Segment Start: DATA FOR THE TASK
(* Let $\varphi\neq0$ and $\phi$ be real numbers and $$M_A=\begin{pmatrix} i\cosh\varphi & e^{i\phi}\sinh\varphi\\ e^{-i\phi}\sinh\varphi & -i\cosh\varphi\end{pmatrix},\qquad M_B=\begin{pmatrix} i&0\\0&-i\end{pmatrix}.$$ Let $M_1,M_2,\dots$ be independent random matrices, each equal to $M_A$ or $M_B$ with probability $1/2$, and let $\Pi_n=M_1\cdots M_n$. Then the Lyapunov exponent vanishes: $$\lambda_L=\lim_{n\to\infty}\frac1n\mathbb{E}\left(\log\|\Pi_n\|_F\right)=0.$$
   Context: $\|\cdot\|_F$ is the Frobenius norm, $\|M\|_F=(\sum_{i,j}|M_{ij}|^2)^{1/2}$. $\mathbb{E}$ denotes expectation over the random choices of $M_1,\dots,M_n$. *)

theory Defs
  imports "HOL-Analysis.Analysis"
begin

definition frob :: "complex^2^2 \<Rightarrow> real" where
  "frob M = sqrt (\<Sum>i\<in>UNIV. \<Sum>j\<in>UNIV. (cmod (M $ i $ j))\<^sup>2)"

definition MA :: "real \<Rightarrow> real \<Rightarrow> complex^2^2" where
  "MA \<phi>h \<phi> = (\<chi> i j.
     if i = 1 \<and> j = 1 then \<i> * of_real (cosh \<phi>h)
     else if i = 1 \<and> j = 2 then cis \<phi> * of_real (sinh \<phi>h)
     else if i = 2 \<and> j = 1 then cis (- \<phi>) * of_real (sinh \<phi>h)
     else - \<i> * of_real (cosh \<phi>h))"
Segment End: DATA FOR THE TASK
**EXERCISE**.
For the word "complex", return every line of the records that holds it.

**THE ANSWER**.
definition frob :: "complex^2^2 \<Rightarrow> real" where
definition MA :: "real \<Rightarrow> real \<Rightarrow> complex^2^2" where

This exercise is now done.